- Interactive map of São Gonçalo do Abaeté
- Country: Brazil
- State: Minas Gerais
- Region: Southeast
- Time zone: UTC−3 (BRT)

= São Gonçalo do Abaeté =

Municipality of Brazil

Location of São Gonçalo do Abaeté in the state of Minas Gerais

São Gonçalo do Abaeté is a municipality in the north of the Brazilian state of Minas Gerais. Its population in 2020 was 8,459 inhabitants in a total area of 2,687 km^{2}. It is a large producer of cattle and grains.

São Gonçalo do Abaeté belongs to the Paracatu statistical microregion. The elevation of the municipal seat is 789 meters. It became a municipality in 1943. This municipality is located 11 km. southeast of the federal highway BR-365. The municipal area is crossed by the Abaeté River, which is a tributary of the São Francisco River. The distance to Belo Horizonte is 380 km.

Municipal boundaries are with: Buritizeiro, João Pinheiro, Varjão de Minas, Tiros, Morada Nova de Minas, Três Marias and Presidente Olegário.

The climate is humid sub-tropical with an annual average of 22 °C. The year can be divided into a rainy season and a dry season with little temperature variation between the two.
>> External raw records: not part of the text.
lemma DH_eq_subtopology: "DH X = subtopology (lower_vietoris X) {C. irreducible_closedin X C}"
proof -
  let ?L = "lower_vietoris X" and ?\<eta> = "\<lambda>x. X closure_of {x}"
  have "?L closure_of {C} = ?L closure_of (?\<eta> ` C) \<longleftrightarrow> irreducible_closedin X C"
    if C: "closedin X C" for C
  proof
    assume "?L closure_of {C} = ?L closure_of (?\<eta> ` C)"
    moreover have "C \<in> ?L closure_of {C}" using C by (simp add: in_closure_of topspace_lower_vietoris)
    ultimately show "irreducible_closedin X C"
      using in_lower_vietoris_closure_of_points_iff[OF C] by simp
  next
    assume irr: "irreducible_closedin X C"
    then have "C \<in> ?L closure_of (?\<eta> ` C)" using in_lower_vietoris_closure_of_points_iff[OF C] by simp
    then have "?L closure_of {C} \<subseteq> ?L closure_of (?\<eta> ` C)" by (simp add: closure_of_minimal)
    moreover have "?L closure_of (?\<eta> ` C) \<subseteq> ?L closure_of {C}"
      using points_in_lower_vietoris_closure_of[OF irr] by (simp add: closure_of_minimal)
    ultimately show "?L closure_of {C} = ?L closure_of (?\<eta> ` C)" by blast
  qed
  then show ?thesis
    unfolding DH_def topspace_lower_vietoris
    by (metis (mono_tags, lifting) irreducible_closedin_imp_closedin mem_Collect_eq)
qed

lemma topspace_DH: "topspace (DH X) = {C. irreducible_closedin X C}"
  using irreducible_closedin_imp_closedin
  by (auto simp: DH_eq_subtopology topspace_lower_vietoris)

lemma openin_DH_iff: "openin (DH X) \<O> \<longleftrightarrow> (\<exists>U. openin X U \<and> \<O> = irr_hitting X U)"
proof
  assume "openin (DH X) \<O>"
  then obtain T where T: "openin (lower_vietoris X) T" "\<O> = T \<inter> {C. irreducible_closedin X C}"
    by (auto simp: DH_eq_subtopology openin_subtopology)
  then show "\<exists>U. openin X U \<and> \<O> = irr_hitting X U"
    using openin_lower_vietoris_imp_irr_hitting by metis
next
  assume "\<exists>U. openin X U \<and> \<O> = irr_hitting X U"
  then obtain U where U: "openin X U" "\<O> = irr_hitting X U" by blast
  then have "\<O> = {C. closedin X C \<and> C \<inter> U \<noteq> {}} \<inter> {C. irreducible_closedin X C}"
    using irreducible_closedin_imp_closedin by (auto simp: irr_hitting_def)
  then show "openin (DH X) \<O>"
    using openin_lower_vietoris_hits[OF U(1)] by (auto simp: DH_eq_subtopology openin_subtopology)
qed

lemma continuous_map_DH_iff:
  "continuous_map Z (DH X) f \<longleftrightarrow>
     (\<forall>z\<in>topspace Z. irreducible_closedin X (f z)) \<and>
     (\<forall>U. openin X U \<longrightarrow> openin Z {z \<in> topspace Z. f z \<inter> U \<noteq> {}})"
proof -
  have "{z \<in> topspace Z. f z \<in> irr_hitting X U} = {z \<in> topspace Z. f z \<inter> U \<noteq> {}}"
    if "\<forall>z\<in>topspace Z. irreducible_closedin X (f z)" for U
    using that by (auto simp: irr_hitting_def)
  then show ?thesis
    unfolding continuous_map openin_DH_iff topspace_DH by (auto simp: image_subset_iff)
qed

lemma closedin_DH_iff: "closedin (DH X) \<C> \<longleftrightarrow> (\<exists>F. closedin X F \<and> \<C> = irr_within X F)"
proof -
  have compl: "topspace (DH X) - irr_within X F = irr_hitting X (topspace X - F)" for F
    using irreducible_closedin_subset_topspace
    by (auto simp: topspace_DH irr_within_def irr_hitting_def)
  show ?thesis
  proof
    assume \<C>: "closedin (DH X) \<C>"
    then obtain U where U: "openin X U" "topspace (DH X) - \<C> = irr_hitting X U"
      by (auto simp: closedin_def openin_DH_iff)
    have "C \<subseteq> topspace X" if "C \<in> \<C>" for C
      using that closedin_subset[OF \<C>] irreducible_closedin_subset_topspace by (auto simp: topspace_DH)
    then have "\<C> = irr_within X (topspace X - U)"
      using U(2) closedin_subset[OF \<C>] by (auto simp: topspace_DH irr_within_def irr_hitting_def)
    then show "\<exists>F. closedin X F \<and> \<C> = irr_within X F" using U(1) by blast
  next
    assume "\<exists>F. closedin X F \<and> \<C> = irr_within X F"
    then obtain F where F: "closedin X F" "\<C> = irr_within X F" by blast
    have "openin (DH X) (topspace (DH X) - \<C>)"
      unfolding F(2) compl openin_DH_iff using openin_diff[OF openin_topspace F(1)] by blast
    moreover have "\<C> \<subseteq> topspace (DH X)" by (auto simp: F(2) topspace_DH irr_within_def)
    ultimately show "closedin (DH X) \<C>" by (simp add: closedin_def)
  qed
qed

lemma irreducible_closedin_DH_irr_within_iff:
  assumes F: "closedin X F"
  shows "irreducible_closedin (DH X) (irr_within X F) \<longleftrightarrow> irreducible_closedin X F"
proof -
  have hits: "irr_within X F \<inter> irr_hitting X U \<noteq> {} \<longleftrightarrow> F \<inter> U \<noteq> {}" for U
    using F by (rule irr_within_Int_irr_hitting)
  have ne: "irr_within X F \<noteq> {} \<longleftrightarrow> F \<noteq> {}"
  proof
    assume "F \<noteq> {}"
    then have "F \<inter> topspace X \<noteq> {}" using closedin_subset[OF F] by blast
    then show "irr_within X F \<noteq> {}" using hits by blast
  qed (auto simp: irr_within_def irreducible_closedin_def)
  have pairwise: "irr_within X F \<inter> irr_hitting X U \<inter> irr_hitting X V \<noteq> {} \<longleftrightarrow> F \<inter> U \<inter> V \<noteq> {}"
    if "openin X U" "openin X V" for U V
    using hits[of "U \<inter> V"] irr_hitting_Int[OF that] by (simp add: Int_assoc)
  have "closedin (DH X) (irr_within X F)" using F closedin_DH_iff by blast
  then have "irreducible_closedin (DH X) (irr_within X F) \<longleftrightarrow> irr_within X F \<noteq> {} \<and>
      (\<forall>U V. openin X U \<longrightarrow> openin X V \<longrightarrow> irr_within X F \<inter> irr_hitting X U \<noteq> {} \<longrightarrow>
         irr_within X F \<inter> irr_hitting X V \<noteq> {} \<longrightarrow> irr_within X F \<inter> irr_hitting X U \<inter> irr_hitting X V \<noteq> {})"
    unfolding irreducible_closedin_def[of "DH X"] openin_DH_iff by auto
  also have "\<dots> \<longleftrightarrow> F \<noteq> {} \<and>
      (\<forall>U V. openin X U \<longrightarrow> openin X V \<longrightarrow> F \<inter> U \<noteq> {} \<longrightarrow> F \<inter> V \<noteq> {} \<longrightarrow> F \<inter> U \<inter> V \<noteq> {})"
    by (simp add: ne pairwise hits)
  also have "\<dots> \<longleftrightarrow> irreducible_closedin X F" using F by (simp add: irreducible_closedin_def)
  finally show ?thesis .
qed
lemma topspace_DH_DH: "topspace (DH (DH X)) = irr_within X ` {F. irreducible_closedin X F}"
proof -
  have "irreducible_closedin (DH X) \<C> \<longleftrightarrow> (\<exists>F. irreducible_closedin X F \<and> \<C> = irr_within X F)" for \<C>
    using closedin_DH_iff irreducible_closedin_DH_irr_within_iff
    by (metis irreducible_closedin_imp_closedin)
  then show ?thesis by (auto simp: topspace_DH)
qed

lemma mH_irr_within:
  assumes F: "closedin X F"
  shows "mH X (irr_within X F) = F"
proof -
  let ?L = "lower_vietoris X"
  have "irr_within X F \<subseteq> {C. closedin X C \<and> C \<subseteq> F}"
    by (auto simp: irr_within_def irreducible_closedin_def)
  then have "?L closure_of irr_within X F \<subseteq> {C. closedin X C \<and> C \<subseteq> F}"
    using closedin_lower_vietoris_subsets[OF F] by (rule closure_of_minimal)
  moreover have "irr_within X F \<subseteq> ?L closure_of irr_within X F"
    by (rule closure_of_subset) (auto simp: irr_within_def irreducible_closedin_def topspace_lower_vietoris)
  ultimately have "\<Union>(?L closure_of irr_within X F) = F"
    using Union_irr_within[OF F] by blast
  then show ?thesis using F by (simp add: mH_def closure_of_closedin)
qed

theorem homeomorphic_map_mH: "homeomorphic_map (DH (DH X)) (DH X) (mH X)"
proof -
  have mH_DH: "mH X (irr_within X F) = F" if "irreducible_closedin X F" for F
    using that by (intro mH_irr_within irreducible_closedin_imp_closedin)
  have irr_DH: "irreducible_closedin (DH X) (irr_within X F)" if "irreducible_closedin X F" for F
    using that irreducible_closedin_DH_irr_within_iff irreducible_closedin_imp_closedin by blast
  have hitting_DH: "irr_within X F \<inter> irr_hitting X U \<noteq> {} \<longleftrightarrow> F \<inter> U \<noteq> {}"
    if "irreducible_closedin X F" for F U
    using that by (intro irr_within_Int_irr_hitting irreducible_closedin_imp_closedin)
  have "continuous_map (DH (DH X)) (DH X) (mH X)"
    unfolding continuous_map_DH_iff
  proof (intro conjI ballI allI impI)
    fix U assume U: "openin X U"
    have "mH X \<C> \<inter> U \<noteq> {} \<longleftrightarrow> \<C> \<inter> irr_hitting X U \<noteq> {}" if \<C>: "\<C> \<in> topspace (DH (DH X))" for \<C>
    proof -
      obtain F where "irreducible_closedin X F" "\<C> = irr_within X F"
        using \<C> by (auto simp: topspace_DH_DH)
      then show ?thesis using mH_DH hitting_DH by simp
    qed
    then have "{\<C> \<in> topspace (DH (DH X)). mH X \<C> \<inter> U \<noteq> {}} = irr_hitting (DH X) (irr_hitting X U)"
      by (auto simp: topspace_DH[of "DH X"] irr_hitting_def[of "DH X"])
    moreover have "openin (DH X) (irr_hitting X U)" using U openin_DH_iff by blast
    ultimately show "openin (DH (DH X)) {\<C> \<in> topspace (DH (DH X)). mH X \<C> \<inter> U \<noteq> {}}"
      using openin_DH_iff by metis
  qed (auto simp: topspace_DH_DH mH_DH)
  moreover have "continuous_map (DH X) (DH (DH X)) (irr_within X)"
    unfolding continuous_map_DH_iff
  proof (intro conjI ballI allI impI)
    fix \<U> assume "openin (DH X) \<U>"
    then obtain U where U: "openin X U" "\<U> = irr_hitting X U" by (auto simp: openin_DH_iff)
    have "{F \<in> topspace (DH X). irr_within X F \<inter> \<U> \<noteq> {}} = irr_hitting X U"
      using hitting_DH by (auto simp: U(2) topspace_DH irr_hitting_def)
    then show "openin (DH X) {F \<in> topspace (DH X). irr_within X F \<inter> \<U> \<noteq> {}}"
      using U(1) openin_DH_iff by metis
  qed (auto simp: topspace_DH irr_DH)
  ultimately have "homeomorphic_maps (DH (DH X)) (DH X) (mH X) (irr_within X)"
    unfolding homeomorphic_maps_def topspace_DH_DH by (auto simp: topspace_DH mH_DH)
  then show ?thesis by (auto simp: homeomorphic_map_maps)
qed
The main economic activities are cattle raising and farming. There were 68,000 head of cattle in 2006. The GDP was R$61,277,000 (2003). In agriculture the main products cultivated are bananas, rubber, coffee, rice, corn, soybeans, beans and wheat. There is also production of charcoal from eucalyptus plantations. The charcoal is used in the metal foundries of the Belo Horizonte region. There is one bank branch in the town. In the health sector there were 05 health clinics (2007).

In the rural area there were 481 farms and a total agricultural area of 164,000 hectares, of which 5,200 ha. were planted, 116,000 were in natural pasture, and 37,000 ha. were in woodland or forest. 1,100 people were dependent on farming. 95 of the farms had tractors.

The score on the Municipal Human Development Index was 0.739. This ranked São Gonçalo do Abaeté 356 out of 853 municipalities in the state, with Poços de Caldas in first place with 0.841 and Setubinha in last place with 0.568.